====== The input ======
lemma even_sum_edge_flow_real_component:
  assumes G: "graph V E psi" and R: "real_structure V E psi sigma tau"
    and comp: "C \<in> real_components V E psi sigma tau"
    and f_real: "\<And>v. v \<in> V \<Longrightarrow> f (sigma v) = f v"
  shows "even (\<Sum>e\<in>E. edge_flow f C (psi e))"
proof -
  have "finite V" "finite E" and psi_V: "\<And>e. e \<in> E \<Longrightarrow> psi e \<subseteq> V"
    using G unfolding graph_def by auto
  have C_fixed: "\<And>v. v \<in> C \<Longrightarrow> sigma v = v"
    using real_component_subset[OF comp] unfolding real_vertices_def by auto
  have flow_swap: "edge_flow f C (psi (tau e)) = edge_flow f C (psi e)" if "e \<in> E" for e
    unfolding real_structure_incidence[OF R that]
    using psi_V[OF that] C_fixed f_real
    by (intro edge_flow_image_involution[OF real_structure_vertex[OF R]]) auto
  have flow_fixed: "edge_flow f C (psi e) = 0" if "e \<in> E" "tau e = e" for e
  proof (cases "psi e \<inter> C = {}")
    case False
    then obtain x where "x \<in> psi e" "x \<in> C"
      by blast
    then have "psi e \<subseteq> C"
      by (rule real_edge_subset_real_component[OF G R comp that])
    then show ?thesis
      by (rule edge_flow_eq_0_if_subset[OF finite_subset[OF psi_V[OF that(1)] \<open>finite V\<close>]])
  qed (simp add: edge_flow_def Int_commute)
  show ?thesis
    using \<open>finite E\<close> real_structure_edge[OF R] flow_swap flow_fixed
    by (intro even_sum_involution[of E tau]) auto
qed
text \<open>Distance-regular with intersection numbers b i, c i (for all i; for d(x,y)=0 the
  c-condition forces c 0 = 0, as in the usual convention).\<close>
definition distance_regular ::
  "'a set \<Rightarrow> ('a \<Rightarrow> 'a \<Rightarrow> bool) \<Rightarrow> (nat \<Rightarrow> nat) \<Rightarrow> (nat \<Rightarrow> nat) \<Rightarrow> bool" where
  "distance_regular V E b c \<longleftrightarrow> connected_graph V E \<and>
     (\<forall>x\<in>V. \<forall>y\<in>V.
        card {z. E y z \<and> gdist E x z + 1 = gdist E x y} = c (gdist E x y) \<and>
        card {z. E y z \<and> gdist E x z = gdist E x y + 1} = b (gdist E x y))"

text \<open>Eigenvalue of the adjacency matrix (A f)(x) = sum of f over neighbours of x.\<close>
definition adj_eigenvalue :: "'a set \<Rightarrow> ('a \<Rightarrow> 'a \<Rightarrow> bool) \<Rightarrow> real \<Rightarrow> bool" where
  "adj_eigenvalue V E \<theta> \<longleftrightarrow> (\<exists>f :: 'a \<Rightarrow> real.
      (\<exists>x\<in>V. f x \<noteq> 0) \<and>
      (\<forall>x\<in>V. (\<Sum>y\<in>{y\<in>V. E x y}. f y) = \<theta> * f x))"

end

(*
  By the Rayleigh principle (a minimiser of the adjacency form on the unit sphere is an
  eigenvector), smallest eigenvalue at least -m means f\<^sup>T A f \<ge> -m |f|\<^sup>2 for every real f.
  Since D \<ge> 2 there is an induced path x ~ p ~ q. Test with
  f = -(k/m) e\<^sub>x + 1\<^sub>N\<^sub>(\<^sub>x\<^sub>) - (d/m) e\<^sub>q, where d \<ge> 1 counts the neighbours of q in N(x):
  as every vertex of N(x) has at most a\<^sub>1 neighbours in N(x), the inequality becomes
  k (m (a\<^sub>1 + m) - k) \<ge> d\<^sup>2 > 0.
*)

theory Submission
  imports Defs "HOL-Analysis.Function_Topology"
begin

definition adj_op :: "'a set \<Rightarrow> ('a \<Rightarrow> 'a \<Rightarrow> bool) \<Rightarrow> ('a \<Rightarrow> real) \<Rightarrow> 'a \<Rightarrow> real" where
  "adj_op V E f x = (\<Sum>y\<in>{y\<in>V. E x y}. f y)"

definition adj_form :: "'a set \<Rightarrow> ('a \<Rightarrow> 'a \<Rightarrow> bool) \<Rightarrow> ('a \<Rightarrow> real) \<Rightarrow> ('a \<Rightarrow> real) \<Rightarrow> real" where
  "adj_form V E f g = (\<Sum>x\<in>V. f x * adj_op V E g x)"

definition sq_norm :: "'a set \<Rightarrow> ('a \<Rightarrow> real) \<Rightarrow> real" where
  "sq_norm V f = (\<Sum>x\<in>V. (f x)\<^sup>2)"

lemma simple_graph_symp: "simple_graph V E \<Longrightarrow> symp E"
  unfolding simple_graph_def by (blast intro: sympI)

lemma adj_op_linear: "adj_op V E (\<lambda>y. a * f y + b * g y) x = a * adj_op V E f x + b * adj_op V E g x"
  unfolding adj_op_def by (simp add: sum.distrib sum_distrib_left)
======
====== The input ======
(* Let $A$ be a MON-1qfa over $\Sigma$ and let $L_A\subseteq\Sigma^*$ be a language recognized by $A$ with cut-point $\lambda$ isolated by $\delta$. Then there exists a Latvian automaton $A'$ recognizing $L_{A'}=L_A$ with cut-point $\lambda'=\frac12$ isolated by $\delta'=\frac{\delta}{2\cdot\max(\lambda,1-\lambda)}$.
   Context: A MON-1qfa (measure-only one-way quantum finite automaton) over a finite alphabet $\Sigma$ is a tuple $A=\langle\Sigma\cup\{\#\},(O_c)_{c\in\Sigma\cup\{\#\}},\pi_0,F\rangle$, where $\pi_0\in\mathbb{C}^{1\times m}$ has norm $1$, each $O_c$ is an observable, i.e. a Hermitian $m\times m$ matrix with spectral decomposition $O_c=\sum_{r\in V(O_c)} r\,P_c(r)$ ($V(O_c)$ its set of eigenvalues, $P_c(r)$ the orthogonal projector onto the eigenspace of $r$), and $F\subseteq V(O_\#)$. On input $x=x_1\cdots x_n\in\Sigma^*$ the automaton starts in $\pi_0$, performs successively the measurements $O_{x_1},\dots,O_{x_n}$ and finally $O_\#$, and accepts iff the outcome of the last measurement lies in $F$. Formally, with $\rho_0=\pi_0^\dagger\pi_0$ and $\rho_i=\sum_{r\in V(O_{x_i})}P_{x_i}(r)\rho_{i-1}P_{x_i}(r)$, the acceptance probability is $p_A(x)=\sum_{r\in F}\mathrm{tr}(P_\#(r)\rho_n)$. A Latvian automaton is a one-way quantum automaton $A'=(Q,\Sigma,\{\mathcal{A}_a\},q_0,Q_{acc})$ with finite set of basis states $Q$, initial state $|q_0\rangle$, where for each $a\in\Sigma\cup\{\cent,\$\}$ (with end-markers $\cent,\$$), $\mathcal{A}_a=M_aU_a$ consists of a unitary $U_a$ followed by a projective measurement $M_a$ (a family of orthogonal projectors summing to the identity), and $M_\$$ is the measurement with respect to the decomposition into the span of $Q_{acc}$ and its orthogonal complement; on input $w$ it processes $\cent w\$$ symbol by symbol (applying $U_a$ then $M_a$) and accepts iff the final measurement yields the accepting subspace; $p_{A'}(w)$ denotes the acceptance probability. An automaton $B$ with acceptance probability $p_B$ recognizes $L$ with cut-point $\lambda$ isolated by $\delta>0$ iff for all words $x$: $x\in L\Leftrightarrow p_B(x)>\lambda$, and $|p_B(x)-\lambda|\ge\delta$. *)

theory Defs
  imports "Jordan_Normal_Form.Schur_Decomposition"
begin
======
### Work instructions
Scan the data for the word "have" and copy every line where it shows up.

### Written answer
  have "finite V" "finite E" and psi_V: "\<And>e. e \<in> E \<Longrightarrow> psi e \<subseteq> V"
  have C_fixed: "\<And>v. v \<in> C \<Longrightarrow> sigma v = v"
  have flow_swap: "edge_flow f C (psi (tau e)) = edge_flow f C (psi e)" if "e \<in> E" for e
  have flow_fixed: "edge_flow f C (psi e) = 0" if "e \<in> E" "tau e = e" for e
    then have "psi e \<subseteq> C"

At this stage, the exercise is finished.